SOURCE DATA -
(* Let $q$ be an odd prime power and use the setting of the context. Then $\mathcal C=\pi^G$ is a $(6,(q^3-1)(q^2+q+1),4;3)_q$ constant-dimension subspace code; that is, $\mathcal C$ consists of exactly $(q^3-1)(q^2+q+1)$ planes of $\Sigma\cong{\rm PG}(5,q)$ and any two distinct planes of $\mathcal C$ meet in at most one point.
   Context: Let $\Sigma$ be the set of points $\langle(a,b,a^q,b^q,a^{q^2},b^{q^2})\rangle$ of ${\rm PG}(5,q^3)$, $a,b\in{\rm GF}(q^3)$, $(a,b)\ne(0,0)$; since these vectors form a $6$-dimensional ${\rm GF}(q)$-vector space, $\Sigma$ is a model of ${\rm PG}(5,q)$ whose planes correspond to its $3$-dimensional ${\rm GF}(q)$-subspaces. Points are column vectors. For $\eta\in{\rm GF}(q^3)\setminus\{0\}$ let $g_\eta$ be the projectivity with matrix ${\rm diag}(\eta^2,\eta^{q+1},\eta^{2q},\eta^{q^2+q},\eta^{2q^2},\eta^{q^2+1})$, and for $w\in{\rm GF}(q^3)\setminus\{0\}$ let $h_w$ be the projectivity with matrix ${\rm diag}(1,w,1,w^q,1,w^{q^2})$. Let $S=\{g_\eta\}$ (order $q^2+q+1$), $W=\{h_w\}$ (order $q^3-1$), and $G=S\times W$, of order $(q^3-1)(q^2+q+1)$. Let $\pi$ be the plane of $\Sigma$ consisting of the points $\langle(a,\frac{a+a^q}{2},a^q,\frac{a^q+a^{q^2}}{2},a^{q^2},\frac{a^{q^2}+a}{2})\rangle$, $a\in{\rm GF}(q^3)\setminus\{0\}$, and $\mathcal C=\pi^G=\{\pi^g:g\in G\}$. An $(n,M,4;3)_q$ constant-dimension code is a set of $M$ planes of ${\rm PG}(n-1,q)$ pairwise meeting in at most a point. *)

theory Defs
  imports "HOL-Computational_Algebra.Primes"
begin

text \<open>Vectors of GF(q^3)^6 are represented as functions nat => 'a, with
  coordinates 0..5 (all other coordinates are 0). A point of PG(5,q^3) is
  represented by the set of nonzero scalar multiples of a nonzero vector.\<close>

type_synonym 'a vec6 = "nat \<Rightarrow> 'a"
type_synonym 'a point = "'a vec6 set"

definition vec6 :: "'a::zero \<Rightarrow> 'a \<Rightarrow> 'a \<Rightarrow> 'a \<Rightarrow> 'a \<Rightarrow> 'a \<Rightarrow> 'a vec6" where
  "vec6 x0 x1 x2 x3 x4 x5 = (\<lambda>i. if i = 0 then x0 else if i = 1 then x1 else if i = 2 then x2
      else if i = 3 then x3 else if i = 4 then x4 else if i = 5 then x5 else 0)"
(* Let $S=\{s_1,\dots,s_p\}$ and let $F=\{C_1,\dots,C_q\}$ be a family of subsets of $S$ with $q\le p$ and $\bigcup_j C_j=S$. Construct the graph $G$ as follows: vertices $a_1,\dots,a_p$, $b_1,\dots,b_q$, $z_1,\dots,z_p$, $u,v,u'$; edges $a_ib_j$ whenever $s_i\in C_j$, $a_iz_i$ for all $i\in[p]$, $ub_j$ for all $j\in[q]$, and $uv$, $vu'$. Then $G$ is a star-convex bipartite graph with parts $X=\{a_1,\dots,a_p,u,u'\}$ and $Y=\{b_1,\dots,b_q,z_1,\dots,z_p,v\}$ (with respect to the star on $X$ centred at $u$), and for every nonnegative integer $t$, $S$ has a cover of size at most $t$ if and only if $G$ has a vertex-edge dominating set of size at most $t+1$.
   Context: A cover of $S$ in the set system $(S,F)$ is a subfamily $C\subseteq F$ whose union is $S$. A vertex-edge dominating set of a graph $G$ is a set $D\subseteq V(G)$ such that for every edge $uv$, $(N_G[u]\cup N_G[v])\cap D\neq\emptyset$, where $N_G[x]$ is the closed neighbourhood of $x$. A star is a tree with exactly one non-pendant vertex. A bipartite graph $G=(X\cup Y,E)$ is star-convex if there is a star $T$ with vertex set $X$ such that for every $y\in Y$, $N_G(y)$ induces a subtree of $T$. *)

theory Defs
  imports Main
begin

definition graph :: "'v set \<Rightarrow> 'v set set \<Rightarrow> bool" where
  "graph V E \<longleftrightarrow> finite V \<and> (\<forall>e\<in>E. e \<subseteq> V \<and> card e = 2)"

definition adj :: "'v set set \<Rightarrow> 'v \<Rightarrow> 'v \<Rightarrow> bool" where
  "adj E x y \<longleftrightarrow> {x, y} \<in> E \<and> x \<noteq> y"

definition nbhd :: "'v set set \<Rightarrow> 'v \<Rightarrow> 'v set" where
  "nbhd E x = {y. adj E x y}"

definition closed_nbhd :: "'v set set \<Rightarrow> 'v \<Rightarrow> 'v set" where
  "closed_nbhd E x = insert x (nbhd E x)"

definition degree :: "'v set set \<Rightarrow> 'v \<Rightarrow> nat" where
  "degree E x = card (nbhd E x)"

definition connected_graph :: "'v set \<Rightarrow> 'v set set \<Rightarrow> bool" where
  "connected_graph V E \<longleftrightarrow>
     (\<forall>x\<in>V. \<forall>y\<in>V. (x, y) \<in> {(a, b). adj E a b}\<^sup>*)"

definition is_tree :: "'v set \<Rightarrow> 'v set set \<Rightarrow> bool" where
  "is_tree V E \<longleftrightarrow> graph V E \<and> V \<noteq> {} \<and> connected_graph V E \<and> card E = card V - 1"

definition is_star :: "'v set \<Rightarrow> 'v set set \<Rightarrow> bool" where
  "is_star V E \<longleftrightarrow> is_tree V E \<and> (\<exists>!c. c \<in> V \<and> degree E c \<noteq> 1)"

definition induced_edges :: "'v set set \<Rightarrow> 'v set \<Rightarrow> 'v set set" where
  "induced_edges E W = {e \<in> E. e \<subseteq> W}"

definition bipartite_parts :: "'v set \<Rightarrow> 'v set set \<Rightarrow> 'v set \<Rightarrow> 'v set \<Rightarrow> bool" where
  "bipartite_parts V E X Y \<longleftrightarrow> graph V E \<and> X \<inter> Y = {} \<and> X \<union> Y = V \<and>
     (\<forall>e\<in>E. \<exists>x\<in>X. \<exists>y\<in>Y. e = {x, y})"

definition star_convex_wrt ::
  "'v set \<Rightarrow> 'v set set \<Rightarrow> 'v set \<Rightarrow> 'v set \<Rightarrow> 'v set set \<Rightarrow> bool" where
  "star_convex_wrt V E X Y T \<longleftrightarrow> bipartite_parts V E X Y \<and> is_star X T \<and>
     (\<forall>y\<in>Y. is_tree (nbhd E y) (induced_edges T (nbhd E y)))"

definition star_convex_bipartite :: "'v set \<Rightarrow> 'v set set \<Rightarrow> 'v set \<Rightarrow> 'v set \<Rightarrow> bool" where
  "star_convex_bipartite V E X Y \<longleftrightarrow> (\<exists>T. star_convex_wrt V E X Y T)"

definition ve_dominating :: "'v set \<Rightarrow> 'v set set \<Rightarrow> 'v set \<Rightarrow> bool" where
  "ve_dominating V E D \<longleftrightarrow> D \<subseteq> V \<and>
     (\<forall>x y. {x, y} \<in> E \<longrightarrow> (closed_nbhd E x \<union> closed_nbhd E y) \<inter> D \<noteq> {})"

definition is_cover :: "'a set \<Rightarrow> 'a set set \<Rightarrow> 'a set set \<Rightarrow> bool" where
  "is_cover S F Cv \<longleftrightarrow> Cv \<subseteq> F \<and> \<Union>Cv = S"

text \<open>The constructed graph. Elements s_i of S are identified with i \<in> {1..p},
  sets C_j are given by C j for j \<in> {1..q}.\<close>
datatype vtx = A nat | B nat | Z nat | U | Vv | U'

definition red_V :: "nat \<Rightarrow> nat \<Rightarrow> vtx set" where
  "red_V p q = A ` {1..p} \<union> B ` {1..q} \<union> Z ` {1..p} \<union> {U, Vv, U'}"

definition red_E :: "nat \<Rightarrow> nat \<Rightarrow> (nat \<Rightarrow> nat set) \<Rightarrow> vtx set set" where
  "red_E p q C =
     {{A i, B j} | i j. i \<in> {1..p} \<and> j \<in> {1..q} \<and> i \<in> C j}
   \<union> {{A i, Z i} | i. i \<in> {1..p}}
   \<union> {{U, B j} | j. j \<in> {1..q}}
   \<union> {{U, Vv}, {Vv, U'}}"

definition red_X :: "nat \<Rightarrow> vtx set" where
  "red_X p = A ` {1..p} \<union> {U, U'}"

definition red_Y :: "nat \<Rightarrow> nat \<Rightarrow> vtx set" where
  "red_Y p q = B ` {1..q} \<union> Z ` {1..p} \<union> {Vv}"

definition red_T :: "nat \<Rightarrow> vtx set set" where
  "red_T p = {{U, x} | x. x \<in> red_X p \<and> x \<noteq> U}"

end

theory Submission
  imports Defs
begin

WHAT THE TASK ASKS - Every line above that holds the string "open" counts once; give the total and nothing more.

ANSWER TO THIS EXERCISE - 2